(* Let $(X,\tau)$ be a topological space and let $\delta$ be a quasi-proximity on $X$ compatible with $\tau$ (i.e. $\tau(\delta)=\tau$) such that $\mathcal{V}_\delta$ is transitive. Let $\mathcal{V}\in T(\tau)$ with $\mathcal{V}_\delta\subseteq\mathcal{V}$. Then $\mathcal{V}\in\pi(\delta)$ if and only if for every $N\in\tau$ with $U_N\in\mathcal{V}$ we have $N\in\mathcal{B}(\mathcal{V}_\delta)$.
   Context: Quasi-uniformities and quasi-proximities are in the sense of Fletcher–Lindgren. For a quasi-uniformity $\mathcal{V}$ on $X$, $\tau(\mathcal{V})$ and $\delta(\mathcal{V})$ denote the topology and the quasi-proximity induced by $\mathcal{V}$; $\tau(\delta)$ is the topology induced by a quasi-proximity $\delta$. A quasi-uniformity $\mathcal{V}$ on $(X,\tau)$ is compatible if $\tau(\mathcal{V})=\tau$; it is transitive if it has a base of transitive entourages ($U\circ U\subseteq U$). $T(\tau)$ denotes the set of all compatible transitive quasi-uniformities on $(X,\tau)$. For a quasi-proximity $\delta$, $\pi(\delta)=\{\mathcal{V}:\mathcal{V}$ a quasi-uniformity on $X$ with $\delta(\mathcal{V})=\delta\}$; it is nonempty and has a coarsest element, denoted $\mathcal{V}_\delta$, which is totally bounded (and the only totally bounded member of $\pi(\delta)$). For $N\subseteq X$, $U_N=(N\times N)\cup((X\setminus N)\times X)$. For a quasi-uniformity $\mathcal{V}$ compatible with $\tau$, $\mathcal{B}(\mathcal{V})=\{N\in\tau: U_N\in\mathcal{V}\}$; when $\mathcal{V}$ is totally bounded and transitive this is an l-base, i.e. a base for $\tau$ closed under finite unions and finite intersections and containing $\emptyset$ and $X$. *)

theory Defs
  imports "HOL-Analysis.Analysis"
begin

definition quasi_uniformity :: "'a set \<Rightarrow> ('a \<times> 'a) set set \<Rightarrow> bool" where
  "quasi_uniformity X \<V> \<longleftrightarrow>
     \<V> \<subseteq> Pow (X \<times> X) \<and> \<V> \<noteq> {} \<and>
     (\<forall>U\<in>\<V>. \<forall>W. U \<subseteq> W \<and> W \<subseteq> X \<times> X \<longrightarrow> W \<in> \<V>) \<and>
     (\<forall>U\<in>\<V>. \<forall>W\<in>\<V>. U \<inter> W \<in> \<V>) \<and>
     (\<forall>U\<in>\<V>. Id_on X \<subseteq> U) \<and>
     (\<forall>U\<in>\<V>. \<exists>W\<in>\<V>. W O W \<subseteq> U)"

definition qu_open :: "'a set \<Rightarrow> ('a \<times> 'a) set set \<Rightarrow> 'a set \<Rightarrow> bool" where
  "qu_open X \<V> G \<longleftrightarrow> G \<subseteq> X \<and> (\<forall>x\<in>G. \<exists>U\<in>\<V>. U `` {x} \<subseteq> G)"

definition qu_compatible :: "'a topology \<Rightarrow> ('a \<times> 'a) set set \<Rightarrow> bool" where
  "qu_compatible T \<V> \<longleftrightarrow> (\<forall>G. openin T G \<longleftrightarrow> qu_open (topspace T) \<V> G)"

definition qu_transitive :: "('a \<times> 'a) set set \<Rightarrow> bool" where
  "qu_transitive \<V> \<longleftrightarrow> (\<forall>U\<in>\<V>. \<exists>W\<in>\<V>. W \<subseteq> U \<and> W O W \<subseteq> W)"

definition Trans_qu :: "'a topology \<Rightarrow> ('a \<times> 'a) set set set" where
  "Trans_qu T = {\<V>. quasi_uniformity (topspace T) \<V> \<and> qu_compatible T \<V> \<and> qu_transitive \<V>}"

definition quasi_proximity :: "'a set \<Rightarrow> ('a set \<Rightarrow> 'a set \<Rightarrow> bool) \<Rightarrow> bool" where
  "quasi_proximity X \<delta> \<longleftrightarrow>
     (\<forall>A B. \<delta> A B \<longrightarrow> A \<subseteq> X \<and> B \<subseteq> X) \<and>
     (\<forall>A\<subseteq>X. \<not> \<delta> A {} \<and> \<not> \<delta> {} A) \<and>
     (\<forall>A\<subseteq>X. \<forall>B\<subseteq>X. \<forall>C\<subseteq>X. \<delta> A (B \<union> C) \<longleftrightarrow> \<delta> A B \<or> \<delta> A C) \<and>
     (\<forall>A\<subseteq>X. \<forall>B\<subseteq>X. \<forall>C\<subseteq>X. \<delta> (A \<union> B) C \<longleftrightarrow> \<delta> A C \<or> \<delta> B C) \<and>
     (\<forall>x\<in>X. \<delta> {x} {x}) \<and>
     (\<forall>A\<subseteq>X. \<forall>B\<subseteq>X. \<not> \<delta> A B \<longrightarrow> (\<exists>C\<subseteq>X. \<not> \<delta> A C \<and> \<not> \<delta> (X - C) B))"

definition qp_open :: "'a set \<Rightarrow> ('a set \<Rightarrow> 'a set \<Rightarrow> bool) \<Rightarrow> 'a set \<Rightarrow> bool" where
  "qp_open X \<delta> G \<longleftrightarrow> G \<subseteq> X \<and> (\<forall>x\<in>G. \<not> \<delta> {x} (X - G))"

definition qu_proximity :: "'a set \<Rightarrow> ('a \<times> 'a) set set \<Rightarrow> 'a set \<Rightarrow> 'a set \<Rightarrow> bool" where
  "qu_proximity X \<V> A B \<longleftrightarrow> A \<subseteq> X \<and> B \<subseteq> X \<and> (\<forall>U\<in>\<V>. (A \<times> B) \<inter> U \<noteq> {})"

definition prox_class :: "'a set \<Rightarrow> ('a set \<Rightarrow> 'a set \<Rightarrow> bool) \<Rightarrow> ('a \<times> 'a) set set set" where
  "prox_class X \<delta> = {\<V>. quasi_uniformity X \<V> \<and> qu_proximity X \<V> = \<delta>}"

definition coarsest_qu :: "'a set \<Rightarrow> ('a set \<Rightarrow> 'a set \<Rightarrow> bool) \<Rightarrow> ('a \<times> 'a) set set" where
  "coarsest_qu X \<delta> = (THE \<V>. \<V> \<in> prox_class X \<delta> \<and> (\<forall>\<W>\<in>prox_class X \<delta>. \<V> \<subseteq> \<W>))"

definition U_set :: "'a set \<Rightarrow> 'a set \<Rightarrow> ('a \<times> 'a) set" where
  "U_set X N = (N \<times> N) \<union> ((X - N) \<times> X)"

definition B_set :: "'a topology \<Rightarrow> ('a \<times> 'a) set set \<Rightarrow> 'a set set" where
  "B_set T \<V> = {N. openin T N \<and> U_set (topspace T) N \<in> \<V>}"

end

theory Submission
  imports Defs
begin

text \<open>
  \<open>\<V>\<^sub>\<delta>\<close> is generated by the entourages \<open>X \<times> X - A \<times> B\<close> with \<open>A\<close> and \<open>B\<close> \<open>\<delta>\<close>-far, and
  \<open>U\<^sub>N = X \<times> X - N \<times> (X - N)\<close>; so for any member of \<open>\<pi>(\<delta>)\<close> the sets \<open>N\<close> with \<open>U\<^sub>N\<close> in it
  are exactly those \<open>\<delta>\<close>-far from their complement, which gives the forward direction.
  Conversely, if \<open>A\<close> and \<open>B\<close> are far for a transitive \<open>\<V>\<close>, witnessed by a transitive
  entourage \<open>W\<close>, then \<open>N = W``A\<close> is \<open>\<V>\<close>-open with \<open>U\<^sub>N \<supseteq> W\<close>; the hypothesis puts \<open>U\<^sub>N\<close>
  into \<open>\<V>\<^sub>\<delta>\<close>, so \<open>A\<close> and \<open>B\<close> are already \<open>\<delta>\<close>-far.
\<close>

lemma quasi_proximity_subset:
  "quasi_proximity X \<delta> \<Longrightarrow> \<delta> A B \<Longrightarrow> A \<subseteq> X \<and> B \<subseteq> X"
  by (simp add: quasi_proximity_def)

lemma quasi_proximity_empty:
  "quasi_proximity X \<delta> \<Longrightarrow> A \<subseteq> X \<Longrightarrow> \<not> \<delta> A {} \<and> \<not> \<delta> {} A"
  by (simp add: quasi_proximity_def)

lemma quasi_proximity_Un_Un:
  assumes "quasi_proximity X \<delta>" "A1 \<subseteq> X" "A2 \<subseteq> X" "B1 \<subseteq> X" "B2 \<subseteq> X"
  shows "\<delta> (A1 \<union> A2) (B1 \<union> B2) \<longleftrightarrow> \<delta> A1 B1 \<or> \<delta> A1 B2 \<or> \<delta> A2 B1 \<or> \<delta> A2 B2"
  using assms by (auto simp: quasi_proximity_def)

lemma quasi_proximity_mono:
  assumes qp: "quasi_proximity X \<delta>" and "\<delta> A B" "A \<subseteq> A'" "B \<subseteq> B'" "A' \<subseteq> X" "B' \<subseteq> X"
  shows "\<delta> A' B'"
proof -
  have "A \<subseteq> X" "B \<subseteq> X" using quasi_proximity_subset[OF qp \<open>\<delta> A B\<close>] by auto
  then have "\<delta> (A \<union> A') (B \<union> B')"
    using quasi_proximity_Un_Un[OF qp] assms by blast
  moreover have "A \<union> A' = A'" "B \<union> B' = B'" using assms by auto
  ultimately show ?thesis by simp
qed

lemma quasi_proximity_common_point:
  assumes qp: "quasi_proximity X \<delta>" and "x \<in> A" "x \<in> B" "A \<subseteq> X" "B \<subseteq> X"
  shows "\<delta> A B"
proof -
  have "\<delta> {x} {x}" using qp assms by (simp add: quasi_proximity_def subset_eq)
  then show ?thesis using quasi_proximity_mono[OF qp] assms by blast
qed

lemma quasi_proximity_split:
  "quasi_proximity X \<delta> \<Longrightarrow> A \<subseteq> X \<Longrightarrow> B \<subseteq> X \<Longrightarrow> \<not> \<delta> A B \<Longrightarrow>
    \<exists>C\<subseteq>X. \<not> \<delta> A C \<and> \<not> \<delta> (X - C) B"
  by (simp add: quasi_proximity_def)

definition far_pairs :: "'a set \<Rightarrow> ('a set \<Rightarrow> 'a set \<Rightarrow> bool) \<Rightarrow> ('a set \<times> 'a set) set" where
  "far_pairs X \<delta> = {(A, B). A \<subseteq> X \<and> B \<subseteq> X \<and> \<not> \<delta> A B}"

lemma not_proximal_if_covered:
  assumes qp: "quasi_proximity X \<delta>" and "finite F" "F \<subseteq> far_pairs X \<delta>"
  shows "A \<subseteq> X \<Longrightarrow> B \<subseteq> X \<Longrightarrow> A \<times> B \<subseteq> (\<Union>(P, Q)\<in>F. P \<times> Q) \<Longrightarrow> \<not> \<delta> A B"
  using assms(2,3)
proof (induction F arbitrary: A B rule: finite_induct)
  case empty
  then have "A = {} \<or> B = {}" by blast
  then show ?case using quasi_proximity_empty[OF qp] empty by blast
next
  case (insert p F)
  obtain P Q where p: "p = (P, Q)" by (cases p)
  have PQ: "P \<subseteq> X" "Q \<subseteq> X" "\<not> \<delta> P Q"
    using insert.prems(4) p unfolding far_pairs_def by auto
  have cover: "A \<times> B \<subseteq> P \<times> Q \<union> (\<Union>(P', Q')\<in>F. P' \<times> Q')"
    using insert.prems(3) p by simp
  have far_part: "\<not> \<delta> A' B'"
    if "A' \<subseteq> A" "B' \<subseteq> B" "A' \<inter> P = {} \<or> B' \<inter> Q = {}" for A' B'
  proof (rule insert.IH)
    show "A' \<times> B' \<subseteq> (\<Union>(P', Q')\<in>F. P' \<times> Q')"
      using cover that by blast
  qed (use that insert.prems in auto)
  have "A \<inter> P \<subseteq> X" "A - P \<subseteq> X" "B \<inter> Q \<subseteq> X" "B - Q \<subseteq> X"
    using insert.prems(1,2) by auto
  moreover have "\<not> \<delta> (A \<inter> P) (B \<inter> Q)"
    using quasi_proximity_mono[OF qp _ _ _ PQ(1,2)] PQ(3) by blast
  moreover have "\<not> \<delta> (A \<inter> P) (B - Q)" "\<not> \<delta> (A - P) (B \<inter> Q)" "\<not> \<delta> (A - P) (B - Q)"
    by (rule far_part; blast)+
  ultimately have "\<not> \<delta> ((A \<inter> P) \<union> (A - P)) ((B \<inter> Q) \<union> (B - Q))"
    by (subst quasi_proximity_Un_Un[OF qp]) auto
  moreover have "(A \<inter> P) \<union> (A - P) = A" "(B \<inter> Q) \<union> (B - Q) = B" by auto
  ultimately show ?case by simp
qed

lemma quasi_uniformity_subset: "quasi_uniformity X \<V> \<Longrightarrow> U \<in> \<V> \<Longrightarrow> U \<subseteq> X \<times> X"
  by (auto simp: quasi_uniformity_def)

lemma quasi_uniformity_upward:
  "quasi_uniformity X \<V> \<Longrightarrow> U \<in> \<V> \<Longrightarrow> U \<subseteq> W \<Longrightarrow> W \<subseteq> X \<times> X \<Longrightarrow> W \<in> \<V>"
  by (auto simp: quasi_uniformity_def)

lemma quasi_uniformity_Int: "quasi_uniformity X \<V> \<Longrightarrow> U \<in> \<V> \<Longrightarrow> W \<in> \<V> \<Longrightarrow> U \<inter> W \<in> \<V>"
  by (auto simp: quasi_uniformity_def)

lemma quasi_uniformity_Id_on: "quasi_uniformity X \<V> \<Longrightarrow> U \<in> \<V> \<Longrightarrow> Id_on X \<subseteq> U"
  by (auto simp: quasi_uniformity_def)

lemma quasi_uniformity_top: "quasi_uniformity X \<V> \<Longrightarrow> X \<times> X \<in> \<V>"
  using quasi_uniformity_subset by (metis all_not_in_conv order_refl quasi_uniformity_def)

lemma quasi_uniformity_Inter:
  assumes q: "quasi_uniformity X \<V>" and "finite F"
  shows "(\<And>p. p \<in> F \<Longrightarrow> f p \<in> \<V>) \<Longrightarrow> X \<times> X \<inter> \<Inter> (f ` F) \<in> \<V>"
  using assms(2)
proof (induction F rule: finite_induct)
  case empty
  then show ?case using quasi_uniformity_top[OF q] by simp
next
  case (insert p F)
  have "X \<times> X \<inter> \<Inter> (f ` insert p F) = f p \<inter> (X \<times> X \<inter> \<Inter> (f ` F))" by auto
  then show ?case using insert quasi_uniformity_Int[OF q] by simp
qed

_ _ _ _ _ _ _

__WHAT YOU WILL DO__. Filter the records for lines containing the word "assms" and copy each one.

__RESULT OF THE TASK__.
  using assms by (auto simp: quasi_proximity_def)
    using quasi_proximity_Un_Un[OF qp] assms by blast
  moreover have "A \<union> A' = A'" "B \<union> B' = B'" using assms by auto
  have "\<delta> {x} {x}" using qp assms by (simp add: quasi_proximity_def subset_eq)
  then show ?thesis using quasi_proximity_mono[OF qp] assms by blast
  using assms(2,3)
  using assms(2)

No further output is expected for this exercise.